Information given.
::::::::

(* Let $I$ be an index set and let $\mu,\nu$ be probability measures on $\bigotimes_{i\in I}\mathcal B(\mathbb R)$. Then $\mu$ and $\nu$ have a common underlying copula measure, i.e. there is a copula measure $C$ on $\mathbb R^I$ such that for every finite $J\subseteq I$ and all $(x_j)_{j\in J}\in\mathbb R^J$, $$F_{C_J}\big((F_{\mu_j}(x_j))_{j\in J}\big)=F_{\mu_J}\big((x_j)_{j\in J}\big)\quad\text{and}\quad F_{C_J}\big((F_{\nu_j}(x_j))_{j\in J}\big)=F_{\nu_J}\big((x_j)_{j\in J}\big),$$ if and only if there exist stochastic processes $X=(X_i)_{i\in I}$ and $Y=(Y_i)_{i\in I}$ on a common probability space $(\Omega,\mathcal F,\mathbb P)$ with $X\sim\mu$, $Y\sim\nu$, such that $X_i$ and $Y_i$ are similarly ordered for all $i\in I$, i.e. $$\big(X_i(\omega)-X_i(\omega')\big)\big(Y_i(\omega)-Y_i(\omega')\big)\ge 0\quad \mathbb P\otimes\mathbb P\text{-a.s.}$$
   Context: For a measure $\rho$ on $(\mathbb R^I,\bigotimes_{i\in I}\mathcal B(\mathbb R))$ and $J\subseteq I$, $\rho_J$ is the pushforward of $\rho$ under the coordinate projection onto $\mathbb R^J$, $\rho_i:=\rho_{\{i\}}$, and for finite $J$, $F_{\rho_J}$ is the cumulative distribution function of $\rho_J$. A copula measure on $\mathbb R^I$ is a probability measure on $\bigotimes_{i\in I}\mathcal B(\mathbb R)$ all of whose one-dimensional marginals are uniform on $[0,1]$. *)

theory Defs
  imports "HOL-Probability.Probability"
begin

abbreviation RI :: "'i set \<Rightarrow> ('i \<Rightarrow> real) measure" where
  "RI I \<equiv> PiM I (\<lambda>_. borel)"

definition marg :: "('i \<Rightarrow> real) measure \<Rightarrow> 'i set \<Rightarrow> ('i \<Rightarrow> real) measure" where
  "marg \<rho> J = distr \<rho> (RI J) (\<lambda>x. restrict x J)"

::::::::

What this task involves. Going line by line, copy the data above exactly.

Reply to the exercise.
(* Let $I$ be an index set and let $\mu,\nu$ be probability measures on $\bigotimes_{i\in I}\mathcal B(\mathbb R)$. Then $\mu$ and $\nu$ have a common underlying copula measure, i.e. there is a copula measure $C$ on $\mathbb R^I$ such that for every finite $J\subseteq I$ and all $(x_j)_{j\in J}\in\mathbb R^J$, $$F_{C_J}\big((F_{\mu_j}(x_j))_{j\in J}\big)=F_{\mu_J}\big((x_j)_{j\in J}\big)\quad\text{and}\quad F_{C_J}\big((F_{\nu_j}(x_j))_{j\in J}\big)=F_{\nu_J}\big((x_j)_{j\in J}\big),$$ if and only if there exist stochastic processes $X=(X_i)_{i\in I}$ and $Y=(Y_i)_{i\in I}$ on a common probability space $(\Omega,\mathcal F,\mathbb P)$ with $X\sim\mu$, $Y\sim\nu$, such that $X_i$ and $Y_i$ are similarly ordered for all $i\in I$, i.e. $$\big(X_i(\omega)-X_i(\omega')\big)\big(Y_i(\omega)-Y_i(\omega')\big)\ge 0\quad \mathbb P\otimes\mathbb P\text{-a.s.}$$
   Context: For a measure $\rho$ on $(\mathbb R^I,\bigotimes_{i\in I}\mathcal B(\mathbb R))$ and $J\subseteq I$, $\rho_J$ is the pushforward of $\rho$ under the coordinate projection onto $\mathbb R^J$, $\rho_i:=\rho_{\{i\}}$, and for finite $J$, $F_{\rho_J}$ is the cumulative distribution function of $\rho_J$. A copula measure on $\mathbb R^I$ is a probability measure on $\bigotimes_{i\in I}\mathcal B(\mathbb R)$ all of whose one-dimensional marginals are uniform on $[0,1]$. *)

theory Defs
  imports "HOL-Probability.Probability"
begin

abbreviation RI :: "'i set \<Rightarrow> ('i \<Rightarrow> real) measure" where
  "RI I \<equiv> PiM I (\<lambda>_. borel)"

definition marg :: "('i \<Rightarrow> real) measure \<Rightarrow> 'i set \<Rightarrow> ('i \<Rightarrow> real) measure" where
  "marg \<rho> J = distr \<rho> (RI J) (\<lambda>x. restrict x J)"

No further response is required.